"Do people actually want Sweet Inspiration around?" asked restaurateur Ike Shehadeh.
It's not a rhetorical question: after nearly four decades serving the Castro, Sweet Inspiration Bakery Café (2239 Market St.) will close next week.
"Officially the last day of Sweet Inspiration is going to be on [March] 1st," said co-owner Ryan Scott.
"We've given this a very valiant run, and we've worked really hard to make sure that we can bring everything that we possibly could to this amazing spot," said Scott. But, "since taking over, the numbers have just not made sense."
Before the duo reopened in January, they remodeled the café and revamped its menu. While keeping many of the bakery's signature cakes, they added burgers, fried chicken sandwiches, fries, milkshakes, and all-you-can-eat pancakes.
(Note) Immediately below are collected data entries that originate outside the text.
(* weights q_t of EXP4.AT; E t i = advice of expert i in round t, y t = true label,
   yh t = realized prediction *)
fun exp4at_q :: "real \<Rightarrow> nat \<Rightarrow> (nat \<Rightarrow> nat \<Rightarrow> bool) \<Rightarrow> (nat \<Rightarrow> bool) \<Rightarrow> (nat \<Rightarrow> bool)
                  \<Rightarrow> nat \<Rightarrow> nat \<Rightarrow> real" where
  "exp4at_q eta N E y yh 0 = (\<lambda>i. 1 / real N)"
| "exp4at_q eta N E y yh (Suc t) =
     (let q = exp4at_q eta N E y yh t;
          p = exp4at_prob1 eta N (E t) q;
          l = exp4at_lhat (y t) (yh t) p;
          Z = (\<Sum>j<N. q j * exp (- eta * l (E t j)))
      in (\<lambda>i. q i * exp (- eta * l (E t i)) / Z))"

definition exp4at_p :: "real \<Rightarrow> nat \<Rightarrow> (nat \<Rightarrow> nat \<Rightarrow> bool) \<Rightarrow> (nat \<Rightarrow> bool) \<Rightarrow> (nat \<Rightarrow> bool)
                  \<Rightarrow> nat \<Rightarrow> real" where
  "exp4at_p eta N E y yh t = exp4at_prob1 eta N (E t) (exp4at_q eta N E y yh t)"

definition exp4at_l :: "real \<Rightarrow> nat \<Rightarrow> (nat \<Rightarrow> nat \<Rightarrow> bool) \<Rightarrow> (nat \<Rightarrow> bool) \<Rightarrow> (nat \<Rightarrow> bool)
                  \<Rightarrow> nat \<Rightarrow> bool \<Rightarrow> real" where
  "exp4at_l eta N E y yh t b = exp4at_lhat (y t) (yh t) (exp4at_p eta N E y yh t) b"

end

theory Submission
  imports Defs
begin

text \<open>
  Each update multiplies the weight of expert j by
  exp (-eta * loss) and renormalises by Z_t, so ln q_T(j) telescopes to
  -ln N - eta * (cumulative estimated loss of j) - sum_t ln Z_t, and q_T(j) <= 1 turns this into
  a regret bound once ln Z_t is bounded in every round. The estimated losses vanish unless
  the prediction is 1, and then one of them is 1/p and the other 0; so with Q the weight of the
  experts advising 1 and x = eta/p, Z_t is Q e^-x + (1 - Q) or Q + (1 - Q) e^-x. The exploration
  term eta in p guarantees Q <= p and x <= 1, which is what makes ln z <= z - 1 together with
  second-order bounds on exp strong enough.
\<close>

lemma exp_neg_le_quadratic:
  fixes x :: real
  assumes "0 \<le> x"
  shows "exp (- x) \<le> 1 - x + x\<^sup>2 / 2"
proof -
  have taylor: "1 + x + x\<^sup>2 / 2 \<le> exp x"
    using exp_lower_Taylor_quadratic[OF assms] .
  have pos: "0 < 1 + x + x\<^sup>2 / 2"
    using assms by (simp add: add_pos_nonneg)
  have "(1 - x + x\<^sup>2 / 2) * (1 + x + x\<^sup>2 / 2) = 1 + x ^ 4 / 4"
    by (simp add: algebra_simps power2_eq_square power4_eq_xxxx)
  then have "1 / (1 + x + x\<^sup>2 / 2) \<le> 1 - x + x\<^sup>2 / 2"
    using pos by (simp add: divide_le_eq)
  moreover have "exp (- x) \<le> 1 / (1 + x + x\<^sup>2 / 2)"
    using taylor pos by (simp add: exp_minus field_simps)
  ultimately show ?thesis
    by linarith
qed

lemma ln_mix_exp_neg_le:
  fixes w x :: real
  assumes "0 \<le> w" "w \<le> 1" "0 \<le> x"
  shows "ln (w * exp (- x) + (1 - w)) \<le> w * (x\<^sup>2 / 2 - x)"
proof -
  have pos: "0 < w * exp (- x) + (1 - w)"
    using assms by (cases "w = 1") (auto intro: add_nonneg_pos)
  have "ln (w * exp (- x) + (1 - w)) \<le> w * (exp (- x) - 1)"
    using ln_le_minus_one[OF pos] by (simp add: algebra_simps)
  also have "\<dots> \<le> w * (x\<^sup>2 / 2 - x)"
    using exp_neg_le_quadratic[OF assms(3)] assms(1) by (intro mult_left_mono) auto
  finally show ?thesis .
qed

lemma ln_mix_exp_neg_le_shifted:
  fixes w x :: real
  assumes "0 \<le> w" "w \<le> 1" "0 \<le> x" "x \<le> 1"
  shows "ln (w * exp (- x) + (1 - w)) \<le> (1 - w) * (x + x\<^sup>2) - x"
proof -
  have pos: "0 < w + (1 - w) * exp x"
    using assms by (cases "w = 1") (auto intro: add_nonneg_pos)
  have "w * exp (- x) + (1 - w) = exp (- x) * (w + (1 - w) * exp x)"
    by (simp add: algebra_simps exp_minus_inverse)
  then have "ln (w * exp (- x) + (1 - w)) = ln (w + (1 - w) * exp x) - x"
    using pos by (simp add: ln_mult)
  moreover have "ln (w + (1 - w) * exp x) \<le> (1 - w) * (exp x - 1)"
    using ln_le_minus_one[OF pos] by (simp add: algebra_simps)
  moreover have "(1 - w) * (exp x - 1) \<le> (1 - w) * (x + x\<^sup>2)"
    using exp_bound[OF assms(3,4)] assms(2) by (intro mult_left_mono) auto
  ultimately show ?thesis
    by linarith
qed

lemma exploration_prob_bounds:
  fixes eta Q :: real
  assumes "0 < eta" "eta < 1" "0 \<le> Q" "Q \<le> 1"
  shows "eta \<le> (1 - eta) * Q + eta" and "Q \<le> (1 - eta) * Q + eta"
proof -
  have "0 \<le> (1 - eta) * Q" and "0 \<le> eta * (1 - Q)"
    using assms by simp_all
  then show "eta \<le> (1 - eta) * Q + eta" and "Q \<le> (1 - eta) * Q + eta"
    by (simp_all add: algebra_simps)
qed

lemma exp4at_round_label_false:
  fixes eta Q :: real
  assumes eta: "0 < eta" "eta < 1/2" and Q: "0 \<le> Q" "Q \<le> 1"
  defines "p \<equiv> (1 - eta) * Q + eta"
  shows "1 + ln (Q * exp (- (eta / p)) + (1 - Q)) / eta \<le> 2 * eta / p"
proof -
  have p: "eta \<le> p" "Q \<le> p"
    using exploration_prob_bounds[of eta Q] eta Q unfolding p_def by simp_all
  then have "0 < p" using eta by linarith
  have "ln (Q * exp (- (eta / p)) + (1 - Q)) / eta \<le> Q * ((eta / p)\<^sup>2 / 2 - eta / p) / eta"
    using ln_mix_exp_neg_le[OF Q, of "eta / p"] eta \<open>0 < p\<close> by (simp add: divide_right_mono)
  also have "\<dots> = (Q / p) * (eta / (2 * p)) - Q / p"
    using eta \<open>0 < p\<close> by (simp add: field_simps power2_eq_square)
  also have "\<dots> \<le> 1 * (eta / (2 * p)) - Q / p"
    using p eta \<open>0 < p\<close> by (intro diff_right_mono mult_right_mono) simp_all
  finally have "1 + ln (Q * exp (- (eta / p)) + (1 - Q)) / eta \<le> (1 - Q / p) + eta / (2 * p)"
    by simp
  also have "1 - Q / p = eta * (1 - Q) / p"
    using \<open>0 < p\<close> by (simp add: p_def field_simps)
  also have "eta * (1 - Q) / p + eta / (2 * p) \<le> 2 * eta / p"
    using eta Q \<open>0 < p\<close> by (simp add: field_simps)
  finally show ?thesis .
qed


lemma exp4at_round_label_true:
  fixes eta Q :: real
  assumes eta: "0 < eta" "eta < 1/2" and Q: "0 \<le> Q" "Q \<le> 1"
  defines "p \<equiv> (1 - eta) * Q + eta"
  shows "(1 - p) / p + ln (Q + (1 - Q) * exp (- (eta / p))) / eta \<le> eta * (1 - p) / p"
proof -
  have p: "eta \<le> p" "Q \<le> p"
    using exploration_prob_bounds[of eta Q] eta Q unfolding p_def by simp_all
  then have "0 < p" using eta by linarith
  define c where "c = eta / p"
  have c: "0 < c" "c \<le> 1"
    using p eta \<open>0 < p\<close> by (simp_all add: c_def)
  have Q': "0 \<le> 1 - Q" "1 - Q \<le> 1"
    using Q by simp_all
  have mix: "Q + (1 - Q) * exp (- c) = (1 - Q) * exp (- c) + (1 - (1 - Q))"
    by simp
  have "1 - p = (1 - Q) - eta * (1 - Q)"
    by (simp add: p_def algebra_simps)
  then have "(1 - p) / p = ((1 - Q) - eta * (1 - Q)) / p"
    by (rule arg_cong[where f = "\<lambda>z. z / p"])
  then have lhs: "(1 - p) / p = (1 - Q) / p - c * (1 - Q)"
    by (simp add: c_def diff_divide_distrib)
  have reduce: "?thesis"
    if L: "ln (Q + (1 - Q) * exp (- c)) / eta \<le> c * X - (1 - Q) / p"
      and X: "X - (1 - Q) \<le> (1 - Q) * (1 - eta)" for X
  proof -
    have "(1 - p) / p + ln (Q + (1 - Q) * exp (- c)) / eta \<le> c * (X - (1 - Q))"
      using L lhs by (simp add: right_diff_distrib)
    also have "\<dots> \<le> c * ((1 - Q) * (1 - eta))"
      using X c by (intro mult_left_mono) simp_all
    also have "\<dots> = eta * (1 - p) / p"
      by (simp add: c_def p_def algebra_simps)
    finally show ?thesis
      by (simp add: c_def)
  qed
  txt \<open>The quadratic bound on exp (- c) is too weak when p is small, since then c is close
    to 1; for Q \<le> 1/3 we factor out exp (- c) instead.\<close>
  show ?thesis
  proof (cases "Q \<le> 1/3")
    case True
    have "ln (Q + (1 - Q) * exp (- c)) / eta \<le> ((1 - (1 - Q)) * (c + c\<^sup>2) - c) / eta"
      using ln_mix_exp_neg_le_shifted[OF Q' c(1)[THEN less_imp_le] c(2)] eta
      by (simp only: mix divide_right_mono)
    also have "\<dots> = c * (Q / p) - (1 - Q) / p"
      using eta \<open>0 < p\<close> by (simp add: c_def field_simps power2_eq_square)
    finally show ?thesis
    proof (rule reduce)
      have "Q / p \<le> 1"
        using p \<open>0 < p\<close> by simp
      moreover have "(2/3) * (3/2) \<le> (1 - Q) * (2 - eta)"
        using True eta by (intro mult_mono) simp_all
      ultimately show "Q / p - (1 - Q) \<le> (1 - Q) * (1 - eta)"
        by (simp add: algebra_simps)
    qed
  next
    case False
    have "ln (Q + (1 - Q) * exp (- c)) / eta \<le> (1 - Q) * (c\<^sup>2 / 2 - c) / eta"
      using ln_mix_exp_neg_le[OF Q' c(1)[THEN less_imp_le]] eta
      by (simp only: mix divide_right_mono)
    also have "\<dots> = c * ((1 - Q) / (2 * p)) - (1 - Q) / p"
      using eta \<open>0 < p\<close> by (simp add: c_def field_simps power2_eq_square)
    finally show ?thesis
    proof (rule reduce)
      have "1 / (2 * p) \<le> 3 / 2"
        using False p \<open>0 < p\<close> by (simp add: field_simps)
      then have "(1 - Q) * (1 / (2 * p) - 1) \<le> (1 - Q) * (1 - eta)"
        using eta Q' by (intro mult_left_mono) simp_all
      then show "(1 - Q) / (2 * p) - (1 - Q) \<le> (1 - Q) * (1 - eta)"
        by (simp add: algebra_simps)
    qed
  qed
qed


lemma exp4at_round_bound_mixture:
  fixes eta Q :: real and yt yht :: bool
  assumes eta: "0 < eta" "eta < 1/2" and Q: "0 \<le> Q" "Q \<le> 1"
  defines "p \<equiv> (1 - eta) * Q + eta"
  defines "l \<equiv> exp4at_lhat yt yht p"
  shows "(\<Sum>b\<in>{False, True}. (if b then p else 1 - p) * l b)
           + ln (Q * exp (- eta * l True) + (1 - Q) * exp (- eta * l False)) / eta
         \<le> eta * l True + eta * (p * (1 - p) * (l False)\<^sup>2) + eta * (p * (l True)\<^sup>2)"
proof (cases yht)
  case False
  then show ?thesis
    by (simp add: l_def exp4at_lhat_def ind_def)
next
  case True
  have "0 < p"
    using exploration_prob_bounds(1)[of eta Q] eta Q unfolding p_def by linarith
  show ?thesis
  proof (cases yt)
    case False
    then have "l True = 1 / p" and "l False = 0"
      using \<open>yht\<close> by (simp_all add: l_def exp4at_lhat_def ind_def)
    moreover have "1 + ln (Q * exp (- (eta / p)) + (1 - Q)) / eta \<le> 2 * eta / p"
      using exp4at_round_label_false[OF eta Q] by (simp only: p_def)
    moreover have "eta * (p * (1 / p)\<^sup>2) = eta / p"
      using \<open>0 < p\<close> by (simp add: power2_eq_square)
    ultimately show ?thesis
      using \<open>0 < p\<close> by simp
  next
    case True
    then have "l True = 0" and "l False = 1 / p"
      using \<open>yht\<close> by (simp_all add: l_def exp4at_lhat_def ind_def)
    moreover have "(1 - p) / p + ln (Q + (1 - Q) * exp (- (eta / p))) / eta \<le> eta * (1 - p) / p"
      using exp4at_round_label_true[OF eta Q] by (simp only: p_def)
    moreover have "eta * (p * (1 - p) * (1 / p)\<^sup>2) = eta * (1 - p) / p"
      using \<open>0 < p\<close> by (simp add: power2_eq_square)
    ultimately show ?thesis
      by simp
  qed
qed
However, "the cakes just aren't selling," said Shehadeh.
Despite the bakery's reputation and longevity, "people are not putting their money behind the cakes," he said, noting that they weren't strong sellers under the previous owner, either.
Scott said they wanted to manage the café for "the same reason why people have been drawn to it—it's iconic."
The rising number of vacant and closing businesses is also "one thing Ike and I haven't liked seeing," Scott said. "There was an opportunity to be able to take this over and to also keep the name."
Besides the lack of business, in a two-year period, the location was cited twice for violating the city's formula retail rules. In the Upper Market area, stores with more than 11 locations must first obtain a conditional use permit.
But in July 2016, Sweet Inspiration added Ike's-branded sandwiches to its menu and the Planning Department took action.
The former owner resolved the matter the following month, but last December, after Shehadeh and Scott took over, SF Planning reopened the matter after it "received information that Mike's Place was operating from Sweet Inspiration Bakery selling Ike's Place menu items."
Last week, Sweet Inspiration complied with the notice of violation and avoided fines but was required to pay a $2,622.14 fee for time and costs associated with Planning's investigation.
Scott and Shehadeh said they don't plan to try out a different concept and will put the space on the market instead of seeking a Conditional Use permit to open an Ike's Place.
"I think based on the results of the past Ike's locations just a couple blocks away, it seems like now overall the neighborhood doesn't want an Ike's," said Shehadeh.
"We love the Castro and people have been amazing—it's just you need more foot traffic," said Scott.